Lately, here’s the ad I feel like I see most of these days for the last couple of weeks:

Here again, another mass media campaign. This one directed to the very same people the retro campaign targeted so many years ago (folks like me!). However, the muscle that makes this spot work leverages the interpersonal relationship that happens each morning in my car with my kids.

I’ll admit it: my car seems this way as we get on the road in the mornings. But the greater point of this ad is to leverage parent power with the control in your hand: a key in the ignition. While the original campaign enjoyed success, the evidence suggests there was still work to be done. As a former anchor/reporter, I read countless stories where someone died as a result of not wearing a seatbelt in a crash. Nowadays, the social custom is for kids to hop in a car with a device and forgo a seatbelt.  This new “Seat Belt Safety” campaign aims to address the high number of American children who died as part of vehicle crashes and were unrestrained at the time of their death.

Because the “You Could Learn A Lot From A Dummy” campaign resonated with me as a child, I would consider myself an early adopter of the new “Seat Belt Safety” campaign. Unlike the precursor campaign, the mass media extends beyond just radio and television. New media technologies like websites, social media and Youtube play prominently in the diffusion of the innovation of Round Two of the campaign.

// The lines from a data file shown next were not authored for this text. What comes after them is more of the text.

lemma summable_weighted_tail_X1:
  fixes \<tau> a :: "nat \<Rightarrow> real" and \<epsilon> :: real
  assumes \<tau>: "\<And>n. 0 \<le> \<tau> n" and "condition_A \<tau>"
    and a_mono: "\<And>m n. 1 \<le> m \<Longrightarrow> m \<le> n \<Longrightarrow> a m \<le> a n"
    and a_inf: "filterlim a at_top sequentially" and "0 < \<epsilon>"
    and summable: "summable (\<lambda>n. \<tau> n * prob {x \<in> space M. \<epsilon> / 3 * a n \<le> \<bar>\<Sum>i=1..n. X i x\<bar>})"
  shows "summable (\<lambda>n. real n * \<tau> n * prob {x \<in> space M. \<epsilon> * a n \<le> \<bar>X 1 x\<bar>})"
proof -
  have [measurable]: "X 1 \<in> borel_measurable M" using random_variable_X by simp
  \<comment> \<open>\<open>a 0\<close> is unconstrained, so index 0 is redirected to 1 to make \<open>c\<close> antitone.\<close>
  define c where "c n = prob {x \<in> space M. \<epsilon> * a (max n 1) \<le> \<bar>X 1 x\<bar>}" for n
  have c_nonneg: "\<forall>n. 0 \<le> c n" by (simp add: c_def)
  have "antimono c"
  proof (rule antimonoI)
    fix k n :: nat assume "k \<le> n"
    then have "\<epsilon> * a (max k 1) \<le> \<epsilon> * a (max n 1)" using a_mono \<open>0 < \<epsilon>\<close> by simp
    then show "c n \<le> c k" unfolding c_def by (intro finite_measure_mono) (force, measurable)
  qed
  have c_eq: "\<forall>\<^sub>F n in sequentially. c n = prob {x \<in> space M. \<epsilon> * a n \<le> \<bar>X 1 x\<bar>}"
    using eventually_ge_at_top[of 1] by eventually_elim (simp add: c_def max_absorb1)
  have "summable (\<lambda>n. \<tau> n * min (real n * c n) 1)"
  proof (rule summable_cong[THEN iffD1, OF _ summable_min_weighted_tail_X1[OF \<tau> a_inf \<open>0 < \<epsilon>\<close> summable]])
    show "\<forall>\<^sub>F n in sequentially. \<tau> n * min (real n * prob {x \<in> space M. \<epsilon> * a n \<le> \<bar>X 1 x\<bar>}) 1
        = \<tau> n * min (real n * c n) 1"
      using c_eq by eventually_elim simp
  qed
  then have "summable (\<lambda>n. \<tau> n * (real n * c n))"
    using \<open>condition_A \<tau>\<close> \<open>antimono c\<close> c_nonneg unfolding condition_A_def by blast
  moreover have "\<forall>\<^sub>F n in sequentially. \<tau> n * (real n * c n)
      = real n * \<tau> n * prob {x \<in> space M. \<epsilon> * a n \<le> \<bar>X 1 x\<bar>}"
    using c_eq by eventually_elim simp
  ultimately show ?thesis by (rule summable_cong[THEN iffD1, rotated])
qed

end
lemma sum_prod_minus_of_nat:
  "(\<Sum>j\<in>{1..<CARD('p)}. \<Prod>m\<in>{1..<CARD('p)} - {j}. (x :: 'p::prime_card ratfun) - of_nat m)
     = - (x ^ (CARD('p) - 2))"
proof -
  have "(\<Sum>j\<in>{1..<CARD('p)}. \<Prod>m\<in>{1..<CARD('p)} - {j}. [:- of_nat m, 1:])
      = pderiv (\<Prod>m\<in>{1..<CARD('p)}. [:- of_nat m, 1 :: 'p ratfun:])"
    by (simp add: pderiv_prod pderiv_pCons)
  also have "\<dots> = pderiv (monom 1 (CARD('p) - 1) - 1)"
    by (simp only: prod_X_minus_of_nat)
  also have "\<dots> = monom (- 1) (CARD('p) - 2)"
    using card_ge_2[where 'p='p]
    by (simp add: pderiv_diff pderiv_monom of_nat_ratfun_eq_0_iff numeral_2_eq_2)
  finally have "(\<Sum>j\<in>{1..<CARD('p)}. \<Prod>m\<in>{1..<CARD('p)} - {j}. [:- of_nat m, 1:])
      = monom (- 1 :: 'p ratfun) (CARD('p) - 2)" .
  from arg_cong[OF this, of "\<lambda>q. poly q x"] show ?thesis
    by (simp add: poly_prod poly_sum poly_monom)
qed

lemma prod_plus_of_nat_eq_prod_minus:
  assumes "d < CARD('p)"
  shows "(\<Prod>m\<in>{1..d}. x + of_nat m)
    = (\<Prod>m\<in>{CARD('p) - d..CARD('p) - 1}. x - of_nat m :: 'p::prime_card ratfun)"
proof (rule prod.reindex_bij_witness[of _ "\<lambda>m. CARD('p) - m" "\<lambda>m. CARD('p) - m"])
  fix m assume "m \<in> {1..d}"
  then have "m \<le> CARD('p)"
    using assms by simp
  then show "x - of_nat (CARD('p) - m) = x + of_nat m"
    unfolding of_nat_card_minus_ratfun[OF \<open>m \<le> CARD('p)\<close>] by simp
qed (use assms in auto)

lemma fact_card_minus_1: "(of_nat (fact (CARD('p) - 1)) :: 'p::prime_card ratfun) = - 1"
proof -
  have "(- 1) ^ (CARD('p) - 1) * (\<Prod>m\<in>{1..<CARD('p)}. of_nat m) = (- 1 :: 'p ratfun)"
    using prod_minus_of_nat[where 'p='p, of 0] card_ge_2[where 'p='p] by (simp add: prod_uminus)
  moreover have "{1..<CARD('p)} = {1..CARD('p) - 1}"
    using card_ge_2[where 'p='p] by auto
  ultimately show ?thesis
    using minus_one_power_card_minus_1[where 'p='p] unfolding fact_prod[where 'a=nat]
    by simp
qed

lemma fact_mult_fact_complement:
  "k < CARD('p) \<Longrightarrow>
     (of_nat (fact k) * of_nat (fact (CARD('p) - 1 - k)) :: 'p::prime_card ratfun) = - ((- 1) ^ k)"
proof (induction k)
  case 0
  then show ?case using fact_card_minus_1[where 'p='p] by simp
next
  case (Suc k)
  define d where "d = CARD('p) - 1 - Suc k"
  have d: "CARD('p) - 1 - k = Suc d" "CARD('p) - Suc k = Suc d"
    using Suc.prems by (auto simp: d_def)
  have "(of_nat (Suc d) :: 'p ratfun) = - of_nat (Suc k)"
    using of_nat_card_minus_ratfun[where 'p='p, of "Suc k"] d(2) Suc.prems by (metis less_imp_le_nat)
  then have fact_Suc_d: "(of_nat (fact (Suc d)) :: 'p ratfun) = - of_nat (Suc k) * of_nat (fact d)"
    by (simp only: fact_Suc of_nat_id of_nat_mult)
  have fact_Suc_k: "(of_nat (fact (Suc k)) :: 'p ratfun) = of_nat (Suc k) * of_nat (fact k)"
    by (simp only: fact_Suc of_nat_id of_nat_mult)
  have "(of_nat (fact (Suc k)) * of_nat (fact d) :: 'p ratfun)
      = - (of_nat (fact k) * of_nat (fact (Suc d)))"
    unfolding fact_Suc_d fact_Suc_k by (simp add: algebra_simps)
  also have "\<dots> = (- 1) ^ k"
    using Suc.IH Suc.prems unfolding d(1) by simp
  finally show ?case
    unfolding d_def[symmetric] by simp
qed

section \<open>Reduction modulo X^p - (alpha^p - alpha)\<close>

lemma coeff_modulus:
  "coeff (modulus :: 'p::prime_card ratfun poly) n
     = (if n = CARD('p) then 1 else 0) - (if n = 0 then alpha ^ CARD('p) - alpha else 0)"
  unfolding modulus_def by (cases n) auto

lemma pderiv_modulus: "pderiv (modulus :: 'p::prime_card ratfun poly) = 0"
  unfolding modulus_def by (simp add: pderiv_diff pderiv_monom pderiv_pCons of_nat_ratfun_eq_0_iff)

lemma degree_modulus: "degree (modulus :: 'p::prime_card ratfun poly) = CARD('p)"
  unfolding modulus_def by (rule degree_monom_minus_const) simp

lemma degree_mod_modulus: "degree (q mod modulus) < CARD('p)"
  for q :: "'p::prime_card ratfun poly"
  using degree_mod_less[of modulus q] degree_modulus[where 'p='p] card_ge_2[where 'p='p]
  by (cases "modulus = (0 :: 'p ratfun poly)") auto

lemma coeff_mod_modulus:
  fixes q :: "'p::prime_card ratfun poly"
  assumes "degree q < 2 * CARD('p)" "k < CARD('p)"
  shows "coeff (q mod modulus) k = coeff q k + (alpha ^ CARD('p) - alpha) * coeff q (k + CARD('p))"
  unfolding modulus_def using assms
  by (simp add: mod_monom_minus_const coeff_poly_cutoff coeff_poly_shift)

lemma coeff_euler_op_mod_modulus:
  fixes q :: "'p::prime_card ratfun poly"
  assumes "modulus dvd euler_op c alpha q" "0 < k" "k < CARD('p)"
  shows "coeff (euler_op c alpha (q mod modulus)) k = 0"
proof -
  have "modulus dvd euler_op c alpha (q mod modulus)"
    by (rule dvd_euler_op_mod[OF pderiv_modulus assms(1)])
  then obtain e where "euler_op c alpha (q mod modulus) = smult e modulus"
    using euler_op_eq_smult_if_dvd degree_mod_modulus degree_modulus by metis
  then show ?thesis
    using assms(2,3) by (simp add: coeff_modulus)
qed

lemma modulus_dvd_if_euler_op:
  fixes q :: "'p::prime_card ratfun poly"
  assumes "c \<noteq> 0" "modulus dvd euler_op c alpha q"
    and "degree q \<le> 2 * CARD('p) - 2" "coeff q (CARD('p) - 1) = 0"
  shows "modulus dvd q"
proof -
  have "q mod modulus = 0"
  proof (rule euler_op_coeffs_vanish_imp_0)
    show "coeff (euler_op c alpha (q mod modulus)) k = 0" if "0 < k" "k < CARD('p)" for k
      using coeff_euler_op_mod_modulus[OF assms(2) that] .
    have "coeff q (CARD('p) - 1 + CARD('p)) = 0"
      using assms(3) card_ge_2[where 'p='p] by (intro coeff_eq_0) linarith
    then show "coeff (q mod modulus) (CARD('p) - 1) = 0"
      using coeff_mod_modulus[of q "CARD('p) - 1"] assms(3,4) card_ge_2[where 'p='p] by simp
  qed (use assms(1) degree_mod_modulus in auto)
  then show ?thesis
    by (simp add: dvd_eq_mod_eq_0)
qed

lemma modulus_dvd_minus_const_if_euler_op_0:
  fixes q :: "'p::prime_card ratfun poly"
  assumes "modulus dvd euler_op 0 alpha q" "degree q < 2 * CARD('p)"
  shows "modulus dvd q - [:coeff q 0 + (alpha ^ CARD('p) - alpha) * coeff q CARD('p):]"
proof -
  have "q mod modulus = [:coeff (q mod modulus) 0:]"
  proof (rule euler_op_0_coeffs_vanish_imp_const)
    show "coeff (euler_op 0 alpha (q mod modulus)) k = 0" if "0 < k" "k < CARD('p)" for k
      using coeff_euler_op_mod_modulus[OF assms(1) that] .
    show "(of_nat k :: 'p ratfun) \<noteq> 0" if "0 < k" "k < CARD('p)" for k
      using that by (auto simp: of_nat_ratfun_eq_0_iff dest: dvd_imp_le)
  qed (rule degree_mod_modulus)
  also have "coeff (q mod modulus) 0 = coeff q 0 + (alpha ^ CARD('p) - alpha) * coeff q CARD('p)"
    using coeff_mod_modulus[OF assms(2), of 0] by simp
  finally show ?thesis
    by (metis dvd_minus_mod)
qed

section \<open>Coefficients of L_(p-1)^(c alpha)(c X)\<close>

lemma coeff_Lsub:
  "coeff (Lsub c) k = (if k < CARD('p) then
     gbinom (cst c * alpha - 1) (CARD('p) - 1 - k) * (- cst c) ^ k / of_nat (fact k) else 0)"
  for c :: "'p::prime_card mod_ring"
  using card_ge_2[where 'p='p] unfolding Lsub_def Let_def by (auto simp: coeff_sum)

lemma coeff_Lsub_eq_0: "CARD('p) \<le> k \<Longrightarrow> coeff (Lsub c) k = 0"
  for c :: "'p::prime_card mod_ring"
  by (simp add: coeff_Lsub)

lemma degree_Lsub: "degree (Lsub (c :: 'p::prime_card mod_ring)) \<le> CARD('p) - 1"
  by (rule degree_le) (auto simp: coeff_Lsub)

lemma coeff_Lsub_eq_prod:
  fixes c :: "'p::prime_card mod_ring"
  assumes "k < CARD('p)"
  shows "coeff (Lsub c) k = - (cst c ^ k * (\<Prod>m\<in>{1..CARD('p) - 1 - k}. cst c * alpha - of_nat m))"
proof -
  let ?P = "\<Prod>m\<in>{1..CARD('p) - 1 - k}. cst c * alpha - of_nat m"
  have "coeff (Lsub c) k
      = ?P * ((- 1) ^ k * cst c ^ k) / (of_nat (fact k) * of_nat (fact (CARD('p) - 1 - k)))"
    using assms by (simp add: coeff_Lsub gbinom_minus_one power_minus[of "cst c"] mult.commute)
  also have "\<dots> = ?P * ((- 1) ^ k * cst c ^ k) / - ((- 1) ^ k)"
    by (simp only: fact_mult_fact_complement[OF assms])
  also have "\<dots> = - (cst c ^ k * ?P)"
    by (simp add: mult.commute)
  finally show ?thesis .
qed

lemma coeff_Lsub_top: "coeff (Lsub c) (CARD('p) - 1) = - (cst c ^ (CARD('p) - 1))"
  for c :: "'p::prime_card mod_ring"
  using coeff_Lsub_eq_prod[of "CARD('p) - 1" c] card_ge_2[where 'p='p] by simp

lemma coeff_Lsub_0:
  fixes c :: "'p::prime_card mod_ring"
  assumes "c \<noteq> 0"
  shows "coeff (Lsub c) 0 = 1 - alpha ^ (CARD('p) - 1)"
proof -
  have "{1..CARD('p) - 1} = {1..<CARD('p)}"
    using card_ge_2[where 'p='p] by auto
  then show ?thesis
    using coeff_Lsub_eq_prod[of 0 c] prod_minus_of_nat[of "cst c * alpha"] cst_power_card_minus_1[OF assms]
    by (simp add: power_mult_distrib)
qed

lemma coeff_Lsub_Suc:
  fixes c :: "'p::prime_card mod_ring"
  assumes "Suc j < CARD('p)"
  shows "cst c * coeff (Lsub c) j = (cst c * alpha + of_nat (Suc j)) * coeff (Lsub c) (Suc j)"
proof -
  define d where "d = CARD('p) - 1 - Suc j"
  have d: "CARD('p) - 1 - j = Suc d" "CARD('p) - 1 - Suc j = d"
    using assms by (auto simp: d_def)
  have "CARD('p) - Suc j = Suc d"
    using d(1) by simp
  then have sd: "(of_nat (Suc d) :: 'p ratfun) = - of_nat (Suc j)"
    using of_nat_card_minus_ratfun[where 'p='p, of "Suc j"] assms by (metis less_imp_le_nat)
  have "cst c * alpha - of_nat (Suc d) = cst c * alpha + of_nat (Suc j)"
    unfolding sd by simp
  then have P: "(\<Prod>m\<in>{1..Suc d}. cst c * alpha - of_nat m)
      = (\<Prod>m\<in>{1..d}. cst c * alpha - of_nat m) * (cst c * alpha + of_nat (Suc j))"
    by (simp del: of_nat_Suc)
  have "j < CARD('p)"
    using assms by simp
  show ?thesis
    unfolding coeff_Lsub_eq_prod[OF assms] coeff_Lsub_eq_prod[OF \<open>j < CARD('p)\<close>] d P
    by (simp add: algebra_simps)
qed

lemma euler_op_Lsub:
  "euler_op (cst c) alpha (Lsub c) = smult (cst c) modulus"
  for c :: "'p::prime_card mod_ring"
proof (rule poly_eqI)
  fix n
  obtain q where q: "CARD('p) = Suc q"
    using card_ge_2[where 'p='p] by (cases "CARD('p)") auto
  consider "n = 0" | m where "n = Suc m" "Suc m < CARD('p)" | "n = Suc q" | "Suc q < n"
    using q by (metis linorder_neqE_nat not0_implies_Suc)
  then show "coeff (euler_op (cst c) alpha (Lsub c)) n = coeff (smult (cst c) modulus) n"
  proof cases
    case 1
    show ?thesis
    proof (cases "c = 0")
      case True
      then show ?thesis
        using 1 by (simp add: coeff_euler_op coeff_modulus)
    next
      case False
      then show ?thesis
        using 1 q by (simp add: coeff_euler_op coeff_modulus coeff_Lsub_0 algebra_simps)
    qed
  next
    case 2
    then show ?thesis
      using coeff_Lsub_Suc[of m c] by (simp add: coeff_euler_op coeff_modulus algebra_simps)
  next
    case 3
    have "coeff (Lsub c) (Suc q) = 0" "coeff (Lsub c) q = - (cst c ^ q)"
      using coeff_Lsub[of c "Suc q"] coeff_Lsub_top[of c] q by simp_all
    moreover have "cst c * cst c ^ q = cst c"
      using cst_power_card[of c] q by simp
    ultimately show ?thesis
      using 3 q by (simp add: coeff_euler_op coeff_modulus)
  next
    case 4
    then show ?thesis
      using q by (cases n) (simp_all add: coeff_euler_op coeff_modulus coeff_Lsub)
  qed
qed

Honestly, my kids know no other way other than to buckle up when they hop in the car. However, this spot does provide the opportunity for me to have a conversation with my kids about the message.

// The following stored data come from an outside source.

lemma maxent_belief_of_I_q:
  assumes "finite (PiE N M)" "dist_on (PiE N M) q" "\<eta> \<in> I_q N M q"
  shows "maxent_belief N M \<eta> {\<lambda>m. ln (q m), \<lambda>m. if q m = 0 then 1 else 0} q"
proof -
  let ?P = "PiE N M" and ?F = "{\<lambda>m. ln (q m), \<lambda>m. if q m = 0 then 1 else 0}"
  have mass_off_supp_q: "(\<Sum>m\<in>?P. p m * (if q m = 0 then 1 else 0)) = 0 \<longleftrightarrow> supp p \<subseteq> supp q"
    if "dist_on ?P p" for p
    using that assms(1) by (subst sum_nonneg_eq_0_iff) (auto simp: supp_def dist_on_def)
  have \<eta>: "dist_on ?P \<eta>" "supp \<eta> \<subseteq> supp q"
    "(\<Sum>m\<in>?P. \<eta> m * ln (q m)) = (\<Sum>m\<in>?P. q m * ln (q m))"
    using assms(3) by (auto simp: I_q_def)
  have "(\<Sum>m\<in>?P. \<eta> m * (if q m = 0 then 1 else 0)) = 0" using mass_off_supp_q \<eta> by blast
  then have Delta_D_iff: "p \<in> Delta_D N M \<eta> ?F \<longleftrightarrow> dist_on ?P p \<and> supp p \<subseteq> supp q \<and>
      (\<Sum>m\<in>?P. p m * ln (q m)) = (\<Sum>m\<in>?P. q m * ln (q m))" for p
    using \<eta> mass_off_supp_q[of p] by (auto simp: Delta_D_def)
  show ?thesis
    unfolding maxent_belief_def
  proof (intro conjI ballI impI)
    show "q \<in> Delta_D N M \<eta> ?F" using Delta_D_iff assms(2) by simp
    fix p assume "p \<in> Delta_D N M \<eta> ?F" "p \<noteq> q"
    then show "entropy ?P p < entropy ?P q"
      using Delta_D_iff entropy_less_of_cross_entropy_eq[OF assms(1) _ assms(2)] by blast
  qed
qed

lemma prod_point_mass_PiE:
  assumes "finite N" "m \<in> PiE N A" "a \<in> PiE N A"
  shows "(\<Prod>j\<in>N. point_mass (m j) (a j)) = (if m = a then 1 else 0)"
proof (cases "m = a")
  case False
  then obtain j where "j \<in> N" "m j \<noteq> a j" using PiE_ext[OF assms(2,3)] by blast
  then show ?thesis using assms(1) False by (auto simp: point_mass_def intro: prod_zero)
qed (simp add: point_mass_def)
(* Assume (A1) and (A2) and let $\ell_n=n^s$ with $s\in(0.5,1)$. Then under the null hypothesis $\sigma\equiv\sigma_H$, $$\sqrt n\,(U_1(n)-U_2(n))\xrightarrow{P}0\qquad(n\to\infty).$$
   Context: Let $(Y_i)_{i\in\mathbb N}$ be a strictly stationary real-valued process with $E[Y_1]=0$, $\mathrm{Var}(Y_1)=1$, which is absolutely regular, i.e. $\beta_Y(k):=\sup_{m\in\mathbb N}\beta\big(\sigma(Y_i,1\le i\le m),\sigma(Y_i,i\ge k+m)\big)\to0$ as $k\to\infty$, where $\beta(\mathcal A,\mathcal B)=E\big[\operatorname{ess\,sup}_{A\in\mathcal A}|P(A\mid\mathcal B)-P(A)|\big]$. Let $\mu:[0,1]\to\mathbb R$ be Lipschitz-continuous and $\sigma:[0,1]\to[\sigma_0,\infty)$ be càdlàg for some constant $\sigma_0>0$. The observations are $X_i=X_{i,n}=\sigma(i/n)Y_i+\mu(i/n)$, $1\le i\le n$. The null hypothesis means $\sigma\equiv\sigma_H$ for a constant $\sigma_H>0$. The long-run variance $\kappa^2:=\mathrm{Var}(Y_1^2)+2\sum_{k\ge1}\mathrm{Cov}(Y_1^2,Y_{k+1}^2)$ is assumed finite and strictly positive. The block length is $\ell_n=n^s$ and $b_n=n/\ell_n$ (integers); the $j$-th block is $\{(j-1)\ell_n+1,\dots,j\ell_n\}$. Define $s_j^2=\frac1{\ell_n}\sum_{i=(j-1)\ell_n+1}^{j\ell_n}(X_i-\mu(i/n))^2$, $U_1(n)=\frac{1}{b_n(b_n-1)}\sum_{1\le j\ne k\le b_n}|\log s_j^2-\log s_k^2|$, $S_j=\frac1{\ell_n}\sum_{i=(j-1)\ell_n+1}^{j\ell_n}Y_i^2-1$, and $U_2(n)=\frac{1}{b_n(b_n-1)}\sum_{1\le j\ne k\le b_n}|S_j-S_k|$. Assumptions: (A1) there is $\vartheta>0$ with $E|Y_1|^{4+2\vartheta}<\infty$; (A2) for the same $\vartheta$, $\sum_{k=1}^\infty\beta_Y(k)^{\vartheta/(2+\vartheta)}<\infty$. *)

theory Defs
  imports "HOL-Probability.Probability"
begin

text \<open>Sigma-algebra generated by the random variables Y i, i in I (as a measure on space M;
  only its sets are relevant).\<close>
definition gen_sigma :: "'a measure \<Rightarrow> (nat \<Rightarrow> 'a \<Rightarrow> real) \<Rightarrow> nat set \<Rightarrow> 'a measure" where
  "gen_sigma M Y I = sigma (space M) {Y i -` B \<inter> space M | i B. i \<in> I \<and> B \<in> sets borel}"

Their awareness of the need to buckle up in mommy’s car was already there, but I believe this campaign offers them the chance to adopt or reject this innovation for themselves. Recognizing that their behavior motivates me to action, my one child who just a few months ago, relished the idea of being the last to buckle up, is now the first.

Innovation: adopted.

Final Thoughts.

These two campaigns clearly demonstrate the strategy behind the communications effort as the issue to increase seatbelt usage has been part of the national dialogue for nearly thirty years. The first campaign was lauded for the increase in seat belt usage and even garnered awards.

The current campaign is an example of the Diffusion of Innovation as the key message  of the original effort was refined, or diffused, over the years. There are few metrics (beyond outputs) to measure the effectiveness of the new “Seat Belt Safety” campaign at this time.

While the tipping point for me (and my family) was reached years ago, the journey is apparently not over for the current population. Buckle up; it could be a long ride until we get there.

Which campaign motivated your behavior change: Modern or Retro?